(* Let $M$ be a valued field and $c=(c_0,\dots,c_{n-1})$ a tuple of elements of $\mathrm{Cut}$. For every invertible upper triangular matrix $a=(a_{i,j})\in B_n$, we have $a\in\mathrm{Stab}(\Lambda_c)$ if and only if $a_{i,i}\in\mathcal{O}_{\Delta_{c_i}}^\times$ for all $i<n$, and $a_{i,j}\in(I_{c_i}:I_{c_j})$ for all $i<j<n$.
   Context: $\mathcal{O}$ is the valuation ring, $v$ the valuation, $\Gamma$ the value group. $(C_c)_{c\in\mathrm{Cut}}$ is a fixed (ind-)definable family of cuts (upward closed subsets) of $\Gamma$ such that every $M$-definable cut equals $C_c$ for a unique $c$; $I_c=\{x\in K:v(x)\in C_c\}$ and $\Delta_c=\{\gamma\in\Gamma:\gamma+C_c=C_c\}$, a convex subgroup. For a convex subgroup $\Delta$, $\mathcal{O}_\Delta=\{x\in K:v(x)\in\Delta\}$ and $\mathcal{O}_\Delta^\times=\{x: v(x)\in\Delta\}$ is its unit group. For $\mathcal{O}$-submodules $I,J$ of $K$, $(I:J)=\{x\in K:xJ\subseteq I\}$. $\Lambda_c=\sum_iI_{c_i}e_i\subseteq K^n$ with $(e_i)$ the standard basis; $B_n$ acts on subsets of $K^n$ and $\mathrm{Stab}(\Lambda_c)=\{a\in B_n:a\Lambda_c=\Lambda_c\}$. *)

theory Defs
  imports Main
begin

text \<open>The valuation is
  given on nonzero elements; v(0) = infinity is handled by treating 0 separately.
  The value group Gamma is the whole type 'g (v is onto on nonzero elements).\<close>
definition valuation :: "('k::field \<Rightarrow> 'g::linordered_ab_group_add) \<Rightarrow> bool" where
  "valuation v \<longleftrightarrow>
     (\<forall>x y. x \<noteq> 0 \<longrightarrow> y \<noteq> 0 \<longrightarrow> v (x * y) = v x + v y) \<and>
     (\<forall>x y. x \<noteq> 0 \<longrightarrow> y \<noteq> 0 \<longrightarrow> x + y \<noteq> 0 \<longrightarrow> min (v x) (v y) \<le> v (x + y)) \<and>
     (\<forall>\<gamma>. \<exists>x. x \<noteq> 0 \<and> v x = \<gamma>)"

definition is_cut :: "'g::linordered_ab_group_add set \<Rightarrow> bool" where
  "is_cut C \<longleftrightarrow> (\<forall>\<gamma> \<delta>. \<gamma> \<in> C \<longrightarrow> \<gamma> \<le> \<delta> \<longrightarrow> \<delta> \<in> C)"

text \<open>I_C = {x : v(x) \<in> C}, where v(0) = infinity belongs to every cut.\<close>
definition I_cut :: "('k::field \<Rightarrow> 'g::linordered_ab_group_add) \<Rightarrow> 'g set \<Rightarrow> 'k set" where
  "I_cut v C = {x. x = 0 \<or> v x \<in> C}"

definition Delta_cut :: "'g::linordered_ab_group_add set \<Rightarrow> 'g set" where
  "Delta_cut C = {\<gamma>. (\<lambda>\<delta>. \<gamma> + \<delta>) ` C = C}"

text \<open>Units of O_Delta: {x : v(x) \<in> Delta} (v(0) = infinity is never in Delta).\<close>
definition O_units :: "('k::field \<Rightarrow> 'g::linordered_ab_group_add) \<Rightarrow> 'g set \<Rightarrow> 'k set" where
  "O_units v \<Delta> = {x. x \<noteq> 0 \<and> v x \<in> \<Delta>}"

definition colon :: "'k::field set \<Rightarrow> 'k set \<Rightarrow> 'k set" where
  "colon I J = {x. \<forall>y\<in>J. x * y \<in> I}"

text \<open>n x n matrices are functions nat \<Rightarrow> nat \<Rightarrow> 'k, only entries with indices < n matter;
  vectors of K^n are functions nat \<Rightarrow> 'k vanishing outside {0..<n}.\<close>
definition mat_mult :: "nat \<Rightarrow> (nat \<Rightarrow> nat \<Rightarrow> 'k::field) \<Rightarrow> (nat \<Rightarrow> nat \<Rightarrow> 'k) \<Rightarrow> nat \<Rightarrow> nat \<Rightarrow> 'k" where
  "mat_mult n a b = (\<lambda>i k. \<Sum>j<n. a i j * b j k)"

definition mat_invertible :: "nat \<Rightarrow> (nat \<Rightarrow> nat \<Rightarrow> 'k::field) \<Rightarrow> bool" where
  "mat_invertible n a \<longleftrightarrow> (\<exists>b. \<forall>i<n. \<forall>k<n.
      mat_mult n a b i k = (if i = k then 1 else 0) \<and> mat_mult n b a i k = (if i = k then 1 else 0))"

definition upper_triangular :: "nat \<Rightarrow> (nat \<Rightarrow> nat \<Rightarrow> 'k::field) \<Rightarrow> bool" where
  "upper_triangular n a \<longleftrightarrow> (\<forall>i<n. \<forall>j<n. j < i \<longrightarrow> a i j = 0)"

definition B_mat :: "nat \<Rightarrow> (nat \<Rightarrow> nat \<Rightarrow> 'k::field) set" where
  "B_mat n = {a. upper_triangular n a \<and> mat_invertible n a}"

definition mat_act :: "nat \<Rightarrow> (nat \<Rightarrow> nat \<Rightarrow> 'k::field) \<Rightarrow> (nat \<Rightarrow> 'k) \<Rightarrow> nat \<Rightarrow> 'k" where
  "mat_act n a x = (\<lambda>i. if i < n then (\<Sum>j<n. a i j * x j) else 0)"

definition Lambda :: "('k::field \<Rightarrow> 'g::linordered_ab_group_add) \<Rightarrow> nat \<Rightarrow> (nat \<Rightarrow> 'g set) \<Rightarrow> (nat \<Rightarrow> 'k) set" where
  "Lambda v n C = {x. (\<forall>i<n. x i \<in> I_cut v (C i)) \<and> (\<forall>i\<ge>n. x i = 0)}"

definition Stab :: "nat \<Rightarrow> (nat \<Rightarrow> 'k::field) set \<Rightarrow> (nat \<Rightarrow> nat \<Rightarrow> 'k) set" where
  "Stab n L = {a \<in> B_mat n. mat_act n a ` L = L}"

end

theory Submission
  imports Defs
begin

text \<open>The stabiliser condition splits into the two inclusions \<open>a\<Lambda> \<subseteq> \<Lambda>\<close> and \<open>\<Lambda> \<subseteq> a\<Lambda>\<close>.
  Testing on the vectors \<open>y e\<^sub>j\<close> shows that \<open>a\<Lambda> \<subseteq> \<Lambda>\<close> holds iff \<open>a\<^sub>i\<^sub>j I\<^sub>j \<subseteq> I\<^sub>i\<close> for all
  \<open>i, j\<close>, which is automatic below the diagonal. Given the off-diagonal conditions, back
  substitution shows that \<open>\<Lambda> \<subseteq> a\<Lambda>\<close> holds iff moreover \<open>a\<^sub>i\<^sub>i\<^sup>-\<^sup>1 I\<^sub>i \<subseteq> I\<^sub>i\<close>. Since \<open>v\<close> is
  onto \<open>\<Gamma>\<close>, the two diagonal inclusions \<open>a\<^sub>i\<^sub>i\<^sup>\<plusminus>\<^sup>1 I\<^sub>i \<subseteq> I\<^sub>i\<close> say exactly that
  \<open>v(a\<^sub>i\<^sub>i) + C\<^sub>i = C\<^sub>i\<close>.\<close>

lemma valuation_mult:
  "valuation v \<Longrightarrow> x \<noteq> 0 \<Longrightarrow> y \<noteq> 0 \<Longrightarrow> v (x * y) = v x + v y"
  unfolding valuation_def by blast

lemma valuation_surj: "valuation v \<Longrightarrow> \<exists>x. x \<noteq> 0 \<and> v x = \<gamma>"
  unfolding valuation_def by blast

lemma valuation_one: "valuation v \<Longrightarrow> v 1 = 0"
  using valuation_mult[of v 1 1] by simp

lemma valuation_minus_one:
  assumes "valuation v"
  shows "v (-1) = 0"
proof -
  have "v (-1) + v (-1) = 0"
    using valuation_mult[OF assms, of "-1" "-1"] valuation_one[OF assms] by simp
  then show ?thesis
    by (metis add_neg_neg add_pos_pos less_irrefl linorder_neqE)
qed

### WHAT IS EXPECTED
Search the records above for the word "diagonal" and give the number of lines where it occurs, nothing else.

### EXERCISE OUTPUT
2